[[ MATERIALS PROVIDED, beginning ]]
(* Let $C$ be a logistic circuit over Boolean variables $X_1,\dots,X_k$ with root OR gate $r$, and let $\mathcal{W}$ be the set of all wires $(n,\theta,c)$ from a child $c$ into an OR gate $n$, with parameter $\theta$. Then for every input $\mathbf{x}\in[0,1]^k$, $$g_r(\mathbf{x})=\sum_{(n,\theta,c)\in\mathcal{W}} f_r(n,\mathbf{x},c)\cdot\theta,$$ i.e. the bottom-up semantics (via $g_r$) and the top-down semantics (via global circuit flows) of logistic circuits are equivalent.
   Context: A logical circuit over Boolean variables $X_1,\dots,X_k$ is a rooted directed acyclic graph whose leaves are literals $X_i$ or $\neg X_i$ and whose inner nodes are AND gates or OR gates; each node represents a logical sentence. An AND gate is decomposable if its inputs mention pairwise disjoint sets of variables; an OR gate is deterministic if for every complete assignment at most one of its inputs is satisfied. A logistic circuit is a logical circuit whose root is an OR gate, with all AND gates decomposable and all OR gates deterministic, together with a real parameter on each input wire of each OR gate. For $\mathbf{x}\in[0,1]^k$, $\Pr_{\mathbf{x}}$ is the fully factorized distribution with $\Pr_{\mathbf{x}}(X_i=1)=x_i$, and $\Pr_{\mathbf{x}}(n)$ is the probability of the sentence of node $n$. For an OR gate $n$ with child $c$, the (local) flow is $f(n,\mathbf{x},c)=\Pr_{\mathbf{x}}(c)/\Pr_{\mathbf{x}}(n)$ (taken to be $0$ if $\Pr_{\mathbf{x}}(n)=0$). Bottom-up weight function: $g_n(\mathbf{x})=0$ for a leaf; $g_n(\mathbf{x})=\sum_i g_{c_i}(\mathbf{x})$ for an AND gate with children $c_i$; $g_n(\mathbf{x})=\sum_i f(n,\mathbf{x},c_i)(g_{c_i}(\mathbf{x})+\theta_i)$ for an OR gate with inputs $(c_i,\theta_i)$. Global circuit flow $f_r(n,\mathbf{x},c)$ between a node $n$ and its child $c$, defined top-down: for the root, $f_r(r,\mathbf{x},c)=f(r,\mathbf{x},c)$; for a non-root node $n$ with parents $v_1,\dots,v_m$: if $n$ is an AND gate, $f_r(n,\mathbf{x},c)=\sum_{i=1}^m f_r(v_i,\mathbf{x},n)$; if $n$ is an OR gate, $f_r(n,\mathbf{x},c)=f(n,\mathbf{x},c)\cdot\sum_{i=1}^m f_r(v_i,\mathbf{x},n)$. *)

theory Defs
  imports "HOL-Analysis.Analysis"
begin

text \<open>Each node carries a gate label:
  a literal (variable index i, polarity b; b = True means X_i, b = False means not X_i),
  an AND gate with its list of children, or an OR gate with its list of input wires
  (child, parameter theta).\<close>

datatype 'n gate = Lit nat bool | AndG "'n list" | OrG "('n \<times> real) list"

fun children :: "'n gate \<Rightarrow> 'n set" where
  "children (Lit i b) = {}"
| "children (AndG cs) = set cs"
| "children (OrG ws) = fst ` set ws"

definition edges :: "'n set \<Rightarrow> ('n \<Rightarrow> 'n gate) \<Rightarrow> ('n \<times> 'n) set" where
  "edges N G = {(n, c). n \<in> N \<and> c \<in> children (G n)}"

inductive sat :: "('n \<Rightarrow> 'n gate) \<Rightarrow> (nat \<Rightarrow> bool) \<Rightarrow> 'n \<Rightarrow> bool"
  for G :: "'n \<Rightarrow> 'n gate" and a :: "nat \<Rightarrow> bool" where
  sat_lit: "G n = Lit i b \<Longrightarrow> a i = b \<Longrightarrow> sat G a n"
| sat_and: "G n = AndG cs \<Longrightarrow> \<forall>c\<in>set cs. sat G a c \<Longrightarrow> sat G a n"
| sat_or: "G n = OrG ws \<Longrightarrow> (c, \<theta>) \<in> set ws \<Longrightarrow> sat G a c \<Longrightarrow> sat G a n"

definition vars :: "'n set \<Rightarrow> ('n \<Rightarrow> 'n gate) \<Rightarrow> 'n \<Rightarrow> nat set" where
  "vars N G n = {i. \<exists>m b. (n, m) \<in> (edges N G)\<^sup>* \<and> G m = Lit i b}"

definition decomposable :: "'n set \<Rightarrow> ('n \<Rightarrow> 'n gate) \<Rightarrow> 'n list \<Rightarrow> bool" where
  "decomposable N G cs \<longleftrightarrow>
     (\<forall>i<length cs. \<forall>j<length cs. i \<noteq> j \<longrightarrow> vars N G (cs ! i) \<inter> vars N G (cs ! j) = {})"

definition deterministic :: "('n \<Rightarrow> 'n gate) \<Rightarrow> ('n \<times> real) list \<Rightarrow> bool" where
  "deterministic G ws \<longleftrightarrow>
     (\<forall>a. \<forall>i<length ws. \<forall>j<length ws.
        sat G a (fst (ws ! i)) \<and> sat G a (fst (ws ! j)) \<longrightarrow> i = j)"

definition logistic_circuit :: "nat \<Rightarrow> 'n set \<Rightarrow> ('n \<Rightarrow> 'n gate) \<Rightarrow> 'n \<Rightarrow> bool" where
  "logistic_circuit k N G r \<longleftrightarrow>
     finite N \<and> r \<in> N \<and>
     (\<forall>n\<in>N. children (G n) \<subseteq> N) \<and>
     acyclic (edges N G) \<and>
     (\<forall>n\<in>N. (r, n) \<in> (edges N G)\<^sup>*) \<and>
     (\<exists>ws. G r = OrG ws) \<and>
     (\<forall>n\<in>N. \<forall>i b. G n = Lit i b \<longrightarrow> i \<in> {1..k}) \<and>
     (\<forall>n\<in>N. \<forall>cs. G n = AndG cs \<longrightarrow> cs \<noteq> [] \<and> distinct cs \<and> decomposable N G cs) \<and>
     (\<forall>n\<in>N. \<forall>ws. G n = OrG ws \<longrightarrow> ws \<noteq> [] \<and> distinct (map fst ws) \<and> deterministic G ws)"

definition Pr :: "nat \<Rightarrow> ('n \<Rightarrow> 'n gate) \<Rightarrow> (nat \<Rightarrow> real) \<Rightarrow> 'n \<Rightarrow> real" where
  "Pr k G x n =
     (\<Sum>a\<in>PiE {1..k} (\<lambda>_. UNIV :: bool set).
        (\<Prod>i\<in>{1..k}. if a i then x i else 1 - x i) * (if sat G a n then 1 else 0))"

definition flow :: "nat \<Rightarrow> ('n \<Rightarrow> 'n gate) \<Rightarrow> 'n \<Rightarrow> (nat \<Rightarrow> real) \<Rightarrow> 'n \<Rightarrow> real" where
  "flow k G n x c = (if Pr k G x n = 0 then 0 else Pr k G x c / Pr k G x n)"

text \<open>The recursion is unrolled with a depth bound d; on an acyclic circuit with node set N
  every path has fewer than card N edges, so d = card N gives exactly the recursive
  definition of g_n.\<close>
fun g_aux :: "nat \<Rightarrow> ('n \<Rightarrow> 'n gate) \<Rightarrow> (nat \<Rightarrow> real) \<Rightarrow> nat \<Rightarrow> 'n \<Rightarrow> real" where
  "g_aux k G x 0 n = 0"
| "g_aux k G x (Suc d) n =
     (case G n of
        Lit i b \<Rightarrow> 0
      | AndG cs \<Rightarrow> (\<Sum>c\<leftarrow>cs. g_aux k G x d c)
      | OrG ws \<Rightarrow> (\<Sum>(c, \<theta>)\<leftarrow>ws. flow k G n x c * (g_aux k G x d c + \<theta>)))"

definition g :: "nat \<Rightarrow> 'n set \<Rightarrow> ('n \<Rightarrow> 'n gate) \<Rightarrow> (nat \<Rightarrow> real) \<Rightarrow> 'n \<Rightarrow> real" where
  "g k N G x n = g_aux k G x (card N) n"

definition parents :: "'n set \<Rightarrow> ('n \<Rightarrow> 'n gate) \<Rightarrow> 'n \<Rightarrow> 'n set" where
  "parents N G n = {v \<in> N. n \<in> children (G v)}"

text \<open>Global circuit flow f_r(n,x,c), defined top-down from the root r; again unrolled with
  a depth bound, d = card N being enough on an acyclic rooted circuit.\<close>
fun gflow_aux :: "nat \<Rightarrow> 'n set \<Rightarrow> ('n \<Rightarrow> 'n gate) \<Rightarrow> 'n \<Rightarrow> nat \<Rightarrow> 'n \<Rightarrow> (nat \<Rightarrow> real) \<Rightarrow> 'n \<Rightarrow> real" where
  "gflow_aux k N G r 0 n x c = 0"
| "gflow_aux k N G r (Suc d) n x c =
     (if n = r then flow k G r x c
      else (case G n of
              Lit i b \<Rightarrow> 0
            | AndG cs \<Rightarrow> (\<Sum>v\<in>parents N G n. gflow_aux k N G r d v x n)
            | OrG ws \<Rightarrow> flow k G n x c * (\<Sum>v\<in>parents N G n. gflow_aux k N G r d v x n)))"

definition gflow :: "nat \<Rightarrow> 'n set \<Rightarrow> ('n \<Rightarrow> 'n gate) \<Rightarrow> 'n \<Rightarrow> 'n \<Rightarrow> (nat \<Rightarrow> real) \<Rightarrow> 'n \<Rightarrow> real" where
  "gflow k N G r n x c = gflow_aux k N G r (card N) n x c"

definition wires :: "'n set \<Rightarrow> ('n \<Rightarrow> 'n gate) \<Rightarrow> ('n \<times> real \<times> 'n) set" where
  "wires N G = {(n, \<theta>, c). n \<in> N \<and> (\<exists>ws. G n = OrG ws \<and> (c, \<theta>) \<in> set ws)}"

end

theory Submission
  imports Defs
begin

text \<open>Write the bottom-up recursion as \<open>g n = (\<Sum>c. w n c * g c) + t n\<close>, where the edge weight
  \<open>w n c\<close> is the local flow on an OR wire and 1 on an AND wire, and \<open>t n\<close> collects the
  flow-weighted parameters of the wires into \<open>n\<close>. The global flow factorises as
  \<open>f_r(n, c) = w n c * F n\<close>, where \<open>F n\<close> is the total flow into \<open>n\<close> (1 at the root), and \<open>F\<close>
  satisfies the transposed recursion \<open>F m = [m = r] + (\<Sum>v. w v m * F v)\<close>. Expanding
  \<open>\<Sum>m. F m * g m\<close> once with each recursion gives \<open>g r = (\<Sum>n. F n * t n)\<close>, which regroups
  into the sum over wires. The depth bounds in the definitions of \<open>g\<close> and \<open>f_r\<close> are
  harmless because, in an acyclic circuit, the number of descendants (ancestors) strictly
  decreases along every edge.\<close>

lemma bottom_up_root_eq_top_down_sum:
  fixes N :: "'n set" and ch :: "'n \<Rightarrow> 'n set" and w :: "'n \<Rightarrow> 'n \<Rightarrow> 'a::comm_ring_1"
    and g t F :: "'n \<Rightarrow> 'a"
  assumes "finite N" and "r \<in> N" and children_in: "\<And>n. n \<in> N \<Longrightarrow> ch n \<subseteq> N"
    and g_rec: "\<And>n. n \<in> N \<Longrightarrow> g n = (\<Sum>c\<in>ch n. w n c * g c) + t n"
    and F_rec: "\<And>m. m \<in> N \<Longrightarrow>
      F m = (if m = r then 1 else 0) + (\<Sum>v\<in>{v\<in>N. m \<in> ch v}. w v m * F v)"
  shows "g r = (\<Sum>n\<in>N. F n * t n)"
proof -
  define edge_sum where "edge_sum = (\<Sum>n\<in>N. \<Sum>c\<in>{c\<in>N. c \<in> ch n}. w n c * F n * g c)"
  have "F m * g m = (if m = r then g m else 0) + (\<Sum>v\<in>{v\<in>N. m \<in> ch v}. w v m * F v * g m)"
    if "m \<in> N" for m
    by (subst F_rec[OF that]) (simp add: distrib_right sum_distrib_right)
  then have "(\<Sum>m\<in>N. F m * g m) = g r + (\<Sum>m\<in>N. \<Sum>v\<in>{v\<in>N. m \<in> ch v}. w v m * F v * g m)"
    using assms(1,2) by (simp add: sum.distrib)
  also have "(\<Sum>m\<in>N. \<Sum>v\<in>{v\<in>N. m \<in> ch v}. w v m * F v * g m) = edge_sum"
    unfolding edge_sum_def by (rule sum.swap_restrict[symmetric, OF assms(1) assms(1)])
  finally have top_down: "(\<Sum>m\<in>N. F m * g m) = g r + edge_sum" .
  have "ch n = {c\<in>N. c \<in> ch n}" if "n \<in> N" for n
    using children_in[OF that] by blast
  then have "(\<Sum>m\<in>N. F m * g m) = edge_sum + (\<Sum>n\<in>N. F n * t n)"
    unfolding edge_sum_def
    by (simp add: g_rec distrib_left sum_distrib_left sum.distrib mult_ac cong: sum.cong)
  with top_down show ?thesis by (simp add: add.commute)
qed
[[ MATERIALS PROVIDED, end ]]
TASK BRIEF: Every line above with the word "forall" is to be copied out.

SOLUTION TO THE EXERCISE:
| sat_and: "G n = AndG cs \<Longrightarrow> \<forall>c\<in>set cs. sat G a c \<Longrightarrow> sat G a n"
     (\<forall>i<length cs. \<forall>j<length cs. i \<noteq> j \<longrightarrow> vars N G (cs ! i) \<inter> vars N G (cs ! j) = {})"
     (\<forall>a. \<forall>i<length ws. \<forall>j<length ws.
     (\<forall>n\<in>N. children (G n) \<subseteq> N) \<and>
     (\<forall>n\<in>N. (r, n) \<in> (edges N G)\<^sup>*) \<and>
     (\<forall>n\<in>N. \<forall>i b. G n = Lit i b \<longrightarrow> i \<in> {1..k}) \<and>
     (\<forall>n\<in>N. \<forall>cs. G n = AndG cs \<longrightarrow> cs \<noteq> [] \<and> distinct cs \<and> decomposable N G cs) \<and>
     (\<forall>n\<in>N. \<forall>ws. G n = OrG ws \<longrightarrow> ws \<noteq> [] \<and> distinct (map fst ws) \<and> deterministic G ws)"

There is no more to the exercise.